There are three common ways in which the funds available to an employee through their spending account can be managed:
- Unused funds carry forward
- Unclaimed expenses carry forward
- No carry forward (use it or lose it)
Unused Funds Carry Forward
Any unused benefit amount that was newly allocated at the beginning of a benefit year can be carried forward into the next benefit year. If at the end of the benefit year the employee has not used all of the funds carried over from the previous benefit year, those funds are forfeit. The employee loses access to those unused funds and they are returned to the employer.
Unclaimed Expenses Carry Forward
Any unclaimed expenses that occurred during a benefit year can be carrier over into the next benefit year and reimbursed in that year. If the employee does not fully utilize their spending account in any given benefit year they forfeit the unused amount which is returned to the employer. Any unused benefit amount is not carried forward.
No Carry Forward (use it or lose it)
Neither unused funds nor unclaimed expenses can be carried forward. Any unused funds at the end of a benefit year are returned to the employer.
Depending on the spending account provider, there are various ways in which spending account can be funded.
- On demand
Typically the spending account provider will charge a small administration fee per transaction it processes.
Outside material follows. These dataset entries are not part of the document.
lemma permutes_strict_mono_on_eq_id:
  fixes \<pi> :: "nat \<Rightarrow> nat"
  assumes p: "\<pi> permutes {..<n}" and mono: "strict_mono_on {..<n} \<pi>"
  shows "\<pi> = id"
proof -
  have ge: "i \<le> \<pi> i" if "i < n" for i
    using that
  proof (induction i)
    case (Suc i)
    then have "\<pi> i < \<pi> (Suc i)" using mono by (simp add: strict_mono_on_def)
    then show ?case using Suc by simp
  qed simp
  \<comment> \<open>\<open>\<pi>\<close> only rearranges the summands of \<open>\<Sum>i<n. i\<close>, so none of them can grow\<close>
  have "\<pi> i = i" if "i < n" for i
  proof (rule ccontr)
    assume "\<pi> i \<noteq> i"
    then have "i < \<pi> i" using ge[OF that] by simp
    have "(\<Sum>i<n. i) < (\<Sum>i<n. \<pi> i)"
      by (intro sum_strict_mono_ex1) (use ge that \<open>i < \<pi> i\<close> in auto)
    then show False using sum.permute[OF p, of id] by simp
  qed
  then show ?thesis
    using permutes_not_in[OF p] by (metis eq_id_iff lessThan_iff)
qed

lemma strict_dec_comp_permutes_eq_id:
  assumes a: "strict_dec n a" and a\<pi>: "strict_dec n (a \<circ> \<pi>)" and \<pi>: "\<pi> permutes {..<n}"
  shows "\<pi> = id"
proof (rule permutes_strict_mono_on_eq_id[OF \<pi> strict_mono_onI])
  fix i j assume "i \<in> {..<n}" "j \<in> {..<n}" "i < j"
  then have lt: "i < j" "j < n" "\<pi> i < n" "\<pi> j < n" using permutes_less_iff[OF \<pi>] by auto
  then have "\<pi> i \<noteq> \<pi> j" using permutes_inj[OF \<pi>] by (auto simp: inj_eq)
  moreover have "\<not> \<pi> j < \<pi> i"
    using a a\<pi> lt unfolding strict_dec_def by (metis comp_apply less_asym)
  ultimately show "\<pi> i < \<pi> j" by simp
qed

lemma dotact_inj_on_Ptilde:
  assumes \<gamma>: "\<gamma> \<in> Ptilde n" and \<gamma>': "\<gamma>' \<in> Ptilde n"
    and \<tau>: "\<tau> permutes {..<n}" and \<tau>': "\<tau>' permutes {..<n}"
    and eq: "dotact n \<tau> \<gamma> = dotact n \<tau>' \<gamma>'"
  shows "\<gamma> = \<gamma>'" "\<tau> = \<tau>'"
proof -
  define \<pi> where "\<pi> = inv \<tau> \<circ> \<tau>'"
  have \<pi>: "\<pi> permutes {..<n}" unfolding \<pi>_def by (intro permutes_compose permutes_inv \<tau> \<tau>')
  have shift: "vadd \<gamma>' (rho n) = vadd \<gamma> (rho n) \<circ> \<pi>"
  proof
    fix i
    have "pact \<tau> (vadd \<gamma> (rho n)) (\<tau>' i) = pact \<tau>' (vadd \<gamma>' (rho n)) (\<tau>' i)"
      using eq by (simp only: vadd_rho_dotact[symmetric])
    then show "vadd \<gamma>' (rho n) i = (vadd \<gamma> (rho n) \<circ> \<pi>) i"
      unfolding pact_def \<pi>_def using permutes_inverses(2)[OF \<tau>'] by simp
  qed
  have "strict_dec n (vadd \<gamma> (rho n))" "strict_dec n (vadd \<gamma>' (rho n))"
    using Ptilde_iff_strict_dec Ptilde_in_vecs \<gamma> \<gamma>' by blast+
  then have "\<pi> = id"
    using strict_dec_comp_permutes_eq_id[of n "vadd \<gamma> (rho n)" \<pi>] \<pi> shift by simp
  moreover have "\<tau>' = \<tau> \<circ> \<pi>"
    unfolding \<pi>_def by (simp add: o_assoc permutes_inv_o[OF \<tau>])
  ultimately show "\<tau> = \<tau>'" by simp
  then show "\<gamma> = \<gamma>'"
    using arg_cong[OF eq, of "dotact n (inv \<tau>)"] dotact_inv_dotact(1)[OF \<tau>] by simp
qed

definition rho_positive :: "nat \<Rightarrow> zvec set \<Rightarrow> bool" where
  "rho_positive n R \<longleftrightarrow> (\<forall>\<alpha>\<in>R. 1 \<le> (\<Sum>k<n. \<alpha> k * rho n k))"

definition lincomb :: "zvec set \<Rightarrow> (zvec \<Rightarrow> nat) \<Rightarrow> zvec" where
  "lincomb R m = (\<lambda>k. \<Sum>\<alpha>\<in>R. int (m \<alpha>) * \<alpha> k)"

lemma mults_lincomb:
  "mults n R \<beta> = {m. (\<forall>\<alpha>. \<alpha> \<notin> R \<longrightarrow> m \<alpha> = 0) \<and> (\<forall>i<n. lincomb R m i = \<beta> i)}"
  by (simp add: mults_def lincomb_def)

lemma sum_mult_mults:
  assumes "finite R" "m \<in> mults n R w"
  shows "(\<Sum>i<n. w i * f i) = (\<Sum>\<alpha>\<in>R. int (m \<alpha>) * (\<Sum>i<n. \<alpha> i * f i))"
proof -
  have "(\<Sum>i<n. w i * f i) = (\<Sum>i<n. (\<Sum>\<alpha>\<in>R. int (m \<alpha>) * \<alpha> i) * f i)"
    using assms(2) by (simp add: mults_def)
  also have "\<dots> = (\<Sum>i<n. \<Sum>\<alpha>\<in>R. int (m \<alpha>) * (\<alpha> i * f i))"
    by (simp add: sum_distrib_right mult.assoc)
  also have "\<dots> = (\<Sum>\<alpha>\<in>R. int (m \<alpha>) * (\<Sum>i<n. \<alpha> i * f i))"
    by (subst sum.swap) (simp add: sum_distrib_left)
  finally show ?thesis .
qed

lemma wt_mults:
  assumes "finite R" "m \<in> mults n R w"
  shows "wt n w = (\<Sum>\<alpha>\<in>R. int (m \<alpha>) * wt n \<alpha>)"
  using sum_mult_mults[OF assms, of "\<lambda>_. 1"] by (simp add: wt_def)

lemma finite_mults:
  assumes "finite R" and pos: "rho_positive n R"
  shows "finite (mults n R w)"
proof -
  define N where "N = nat (\<Sum>i<n. w i * rho n i)"
  \<comment> \<open>pairing with \<open>\<rho>\<close> bounds every multiplicity by \<open>\<langle>w, \<rho>\<rangle>\<close>\<close>
  have "m \<alpha> \<le> N" if m: "m \<in> mults n R w" and \<alpha>: "\<alpha> \<in> R" for m \<alpha>
  proof -
    have "int (m \<alpha>) \<le> int (m \<alpha>) * (\<Sum>i<n. \<alpha> i * rho n i)"
      using pos \<alpha> by (simp add: rho_positive_def mult_le_cancel_left1)
    also have "\<dots> \<le> (\<Sum>\<beta>\<in>R. int (m \<beta>) * (\<Sum>i<n. \<beta> i * rho n i))"
      using pos \<alpha> assms(1) unfolding rho_positive_def
      by (intro member_le_sum) (auto intro: order_trans[OF zero_le_one])
    also have "\<dots> = (\<Sum>i<n. w i * rho n i)"
      by (rule sum_mult_mults[OF assms(1) m, symmetric])
    finally show ?thesis by (simp add: N_def)
  qed
  then have "mults n R w \<subseteq> {m. \<forall>\<alpha>. (\<alpha> \<in> R \<longrightarrow> m \<alpha> \<in> {..N}) \<and> (\<alpha> \<notin> R \<longrightarrow> m \<alpha> = 0)}"
    by (auto simp: mults_def)
  moreover have "finite {m. \<forall>\<alpha>. (\<alpha> \<in> R \<longrightarrow> m \<alpha> \<in> {..N}) \<and> (\<alpha> \<notin> R \<longrightarrow> m \<alpha> = 0)}"
    using assms(1) by (intro finite_set_of_finite_funs) auto
  ultimately show ?thesis by (rule finite_subset)
qed

lemma mults_add:
  assumes fin: "finite R" "finite L"
    and mL: "mL \<in> mults n L \<delta>" and mR: "mR \<in> mults n R \<gamma>"
  shows "(\<lambda>\<alpha>. mL \<alpha> + mR \<alpha>) \<in> mults n (R \<union> L) (vadd \<delta> \<gamma>)"
  unfolding mults_lincomb
proof (intro CollectI conjI allI impI)
  fix \<alpha> assume "\<alpha> \<notin> R \<union> L"
  then show "mL \<alpha> + mR \<alpha> = 0" using mL mR by (simp add: mults_def)
next
  fix k assume "k < n"
  have "lincomb (R \<union> L) (\<lambda>\<alpha>. mL \<alpha> + mR \<alpha>) k = lincomb (R \<union> L) mL k + lincomb (R \<union> L) mR k"
    by (simp add: lincomb_def distrib_right sum.distrib)
  also have "lincomb (R \<union> L) mL k = lincomb L mL k"
    unfolding lincomb_def using fin mL by (intro sum.mono_neutral_right) (auto simp: mults_def)
  also have "lincomb (R \<union> L) mR k = lincomb R mR k"
    unfolding lincomb_def using fin mR by (intro sum.mono_neutral_right) (auto simp: mults_def)
  finally show "lincomb (R \<union> L) (\<lambda>\<alpha>. mL \<alpha> + mR \<alpha>) k = vadd \<delta> \<gamma> k"
    using mL mR \<open>k < n\<close> by (simp add: mults_lincomb)
qed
At the end of the benefit year, any unclaimed funds are returned to the employer.
Not all Spending Accounts are Created Equal
When deciding which spending account provider to use, here are a few questions that can help guide the process:
- Does the provider offer the ability to define a flexible spending account?
- Does the provider offer simple online employee enrollment?
- For their flexible spending accounts, does the provider make annual employee allocations easy?
- Does the provider offer simple mobile claims submission?
- Does the provider offer robust reporting on spending account utilization?
How to Set Up a Spending Account
Talk to your advisor about what type of spending account will pair best with your employee group benefits objectives and best serve your plan members.